Michail Bachtin, Estetica e romanzo, Torino, Einaudi editore, 2001.

Nicoletta Marcialis, Vita di Pavel Čičikov, ovvero le avventure di un impiegato povero, ma disonesto, in “Uomini, opere e idee tra Occidente europeo e mondo slavo. Scritti offerti a Marialuisa Ferrazzi”, Trento, Collana Labirinti, 2011.

Nikolaj Gogol’, Le anime morte, Milano, Mondadori, 2016.

Vittorio Strada, EuroRussia. Letteratura e cultura da Pietro il Grande alla rivoluzione, in L’orizzonte perduto: spazio naturale e spazio artificiale, Bari, Editori LaTerza, 2005, pp. 17-33.

Sitografia:

Donald Fanger, The Mirror and the Road, in “Nineteenth-Century Fiction”, Vol. 33, N. 1, 1978, pp. 24-47. (la traduzione di brani tratti da questo testo sono stati fatti per l’occasione da me S.F. – ultima consultazione: 10/12/2022).

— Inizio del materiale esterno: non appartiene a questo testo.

definition transmission_prob :: real where
  "transmission_prob = Upsilon n m E / dhon_max n E"

lemma transmission_prob_pos: "0 < transmission_prob"
  and transmission_prob_le_1: "transmission_prob \<le> 1"
  using Upsilon_pos Upsilon_le_1 dhon_pos[of 1] dhon_le_dhon_max[of 1] two_le_n
  unfolding transmission_prob_def by (auto simp: divide_le_eq_1)

lemma exists_spreading_path:
  assumes "v \<in> {1..n}"
  shows "\<exists>xs. rtrancl_path honest_edge istar xs v \<and> distinct (istar # xs)"
proof -
  obtain xs where "rtrancl_path honest_edge istar xs v"
    using honest_reachable[OF istar assms] by (auto simp: rtranclp_eq_rtrancl_path)
  thus ?thesis by (metis rtrancl_path_distinct)
qed

definition spreading_path :: "nat \<Rightarrow> nat list" where
  "spreading_path v = (SOME xs. rtrancl_path honest_edge istar xs v \<and> distinct (istar # xs))"

lemma spreading_path:
  assumes "v \<in> {1..n}"
  shows "rtrancl_path honest_edge istar (spreading_path v) v" "distinct (istar # spreading_path v)"
  using someI_ex[OF exists_spreading_path[OF assms]] unfolding spreading_path_def by auto

lemma spreading_path_edge:
  assumes "v \<in> {1..n}" "k < length (spreading_path v)"
  shows "(istar # spreading_path v) ! k \<in> hon_nbrs n E (spreading_path v ! k)"
    and "spreading_path v ! k \<in> {1..n}"
  using honest_edge_hon_nbrs rtrancl_path_nth[OF spreading_path(1)[OF assms(1)] assms(2)] by auto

Marianne Shapiro, Gogol’ and Dante, in “Modern Language Studies”, Vol. 17, N. 2, 1987, pp. 37-54 (la traduzione di brani tratti da questo testo sono stati fatti per l’occasione da me S.F. – ultima consultazione: 10/12/2022).

Michael Kelly, Navigating a landscape of Dead Souls: Gogol’ and the Odyssean Road, in “New Zealand Slavonic Journal”, Vol. 39, pp. 37-61, 2005 (la traduzione di brani tratti da questo testo sono stati fatti per l’occasione da me S.F. – ultima consultazione: 10/12/2022).

Winston Weathers, Gogol’s Dead Souls: The Degrees of Reality, in “College English”, National Council of Teachers of English, Vol. 17, N. 3, 1955, pp. 159-164 (la traduzione di brani tratti da questo testo sono stati fatti per l’occasione da me S.F. – ultima consultazione: 10/12/2022).